++++ DATA RECORDS

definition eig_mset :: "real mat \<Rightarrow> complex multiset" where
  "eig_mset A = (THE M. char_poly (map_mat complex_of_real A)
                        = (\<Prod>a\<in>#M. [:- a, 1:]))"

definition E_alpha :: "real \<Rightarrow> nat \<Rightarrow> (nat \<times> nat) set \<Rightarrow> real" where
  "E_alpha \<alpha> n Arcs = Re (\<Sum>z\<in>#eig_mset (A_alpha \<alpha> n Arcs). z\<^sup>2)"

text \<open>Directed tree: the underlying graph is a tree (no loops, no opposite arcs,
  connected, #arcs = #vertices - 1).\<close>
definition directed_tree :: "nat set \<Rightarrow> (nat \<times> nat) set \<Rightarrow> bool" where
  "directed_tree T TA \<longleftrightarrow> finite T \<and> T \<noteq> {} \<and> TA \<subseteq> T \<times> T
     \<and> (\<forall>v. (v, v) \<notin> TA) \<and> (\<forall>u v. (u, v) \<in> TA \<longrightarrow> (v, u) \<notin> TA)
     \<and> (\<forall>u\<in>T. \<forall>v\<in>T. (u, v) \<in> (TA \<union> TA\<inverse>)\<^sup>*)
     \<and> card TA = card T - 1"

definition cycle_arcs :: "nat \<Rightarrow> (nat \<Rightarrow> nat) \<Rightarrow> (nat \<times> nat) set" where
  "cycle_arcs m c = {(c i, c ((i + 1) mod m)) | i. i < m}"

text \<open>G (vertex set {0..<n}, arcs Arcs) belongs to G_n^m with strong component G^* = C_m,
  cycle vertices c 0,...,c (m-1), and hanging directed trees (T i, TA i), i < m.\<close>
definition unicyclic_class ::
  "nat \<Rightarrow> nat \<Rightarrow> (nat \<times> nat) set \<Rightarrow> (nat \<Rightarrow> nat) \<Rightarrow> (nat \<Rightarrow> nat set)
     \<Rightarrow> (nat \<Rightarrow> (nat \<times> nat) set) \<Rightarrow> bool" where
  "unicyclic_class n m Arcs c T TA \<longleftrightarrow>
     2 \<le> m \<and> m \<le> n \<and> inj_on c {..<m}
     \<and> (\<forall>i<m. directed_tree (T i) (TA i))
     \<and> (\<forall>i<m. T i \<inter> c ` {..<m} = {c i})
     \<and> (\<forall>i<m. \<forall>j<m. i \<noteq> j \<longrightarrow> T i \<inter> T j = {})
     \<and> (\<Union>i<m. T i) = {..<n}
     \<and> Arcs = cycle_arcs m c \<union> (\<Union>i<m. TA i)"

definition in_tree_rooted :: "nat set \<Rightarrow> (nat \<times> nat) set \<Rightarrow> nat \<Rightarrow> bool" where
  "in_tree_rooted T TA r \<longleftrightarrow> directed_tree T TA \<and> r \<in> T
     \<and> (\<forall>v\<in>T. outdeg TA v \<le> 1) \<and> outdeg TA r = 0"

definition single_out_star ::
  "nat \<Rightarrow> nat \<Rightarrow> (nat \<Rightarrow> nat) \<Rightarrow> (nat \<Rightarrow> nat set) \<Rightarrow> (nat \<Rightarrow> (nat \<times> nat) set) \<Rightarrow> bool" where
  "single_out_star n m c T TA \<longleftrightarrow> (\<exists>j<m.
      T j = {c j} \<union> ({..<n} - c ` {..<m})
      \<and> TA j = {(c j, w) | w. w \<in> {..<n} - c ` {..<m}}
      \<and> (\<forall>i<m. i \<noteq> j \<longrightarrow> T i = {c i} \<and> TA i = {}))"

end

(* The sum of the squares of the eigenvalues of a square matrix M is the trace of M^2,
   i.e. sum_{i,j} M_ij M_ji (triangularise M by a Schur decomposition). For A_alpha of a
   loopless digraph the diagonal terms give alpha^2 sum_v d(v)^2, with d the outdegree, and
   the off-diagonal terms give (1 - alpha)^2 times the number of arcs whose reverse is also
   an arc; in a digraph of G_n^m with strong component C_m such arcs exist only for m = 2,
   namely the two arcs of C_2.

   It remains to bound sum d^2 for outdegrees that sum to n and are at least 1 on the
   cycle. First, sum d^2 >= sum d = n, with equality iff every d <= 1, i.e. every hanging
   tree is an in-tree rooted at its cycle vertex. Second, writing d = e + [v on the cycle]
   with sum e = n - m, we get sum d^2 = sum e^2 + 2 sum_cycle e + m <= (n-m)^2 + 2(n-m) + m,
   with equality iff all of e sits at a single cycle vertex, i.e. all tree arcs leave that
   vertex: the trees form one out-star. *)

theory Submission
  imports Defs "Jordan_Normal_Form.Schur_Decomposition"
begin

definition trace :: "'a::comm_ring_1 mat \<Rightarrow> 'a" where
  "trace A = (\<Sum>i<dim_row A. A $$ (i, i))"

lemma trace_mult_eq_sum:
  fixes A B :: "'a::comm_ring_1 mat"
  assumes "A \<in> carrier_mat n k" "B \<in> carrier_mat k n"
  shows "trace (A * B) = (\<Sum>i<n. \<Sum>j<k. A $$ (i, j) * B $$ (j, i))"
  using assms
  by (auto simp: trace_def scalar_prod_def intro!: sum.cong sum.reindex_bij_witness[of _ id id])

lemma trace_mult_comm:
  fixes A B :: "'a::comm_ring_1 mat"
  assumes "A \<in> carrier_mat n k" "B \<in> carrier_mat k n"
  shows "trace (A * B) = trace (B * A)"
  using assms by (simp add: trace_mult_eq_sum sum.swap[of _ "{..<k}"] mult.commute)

++++++++

WORK INSTRUCTION =
The lines you need are those with the word "noteq"; list them from the entries.

PROBLEM SOLUTION =
  "directed_tree T TA \<longleftrightarrow> finite T \<and> T \<noteq> {} \<and> TA \<subseteq> T \<times> T
     \<and> (\<forall>i<m. \<forall>j<m. i \<noteq> j \<longrightarrow> T i \<inter> T j = {})
      \<and> (\<forall>i<m. i \<noteq> j \<longrightarrow> T i = {c i} \<and> TA i = {}))"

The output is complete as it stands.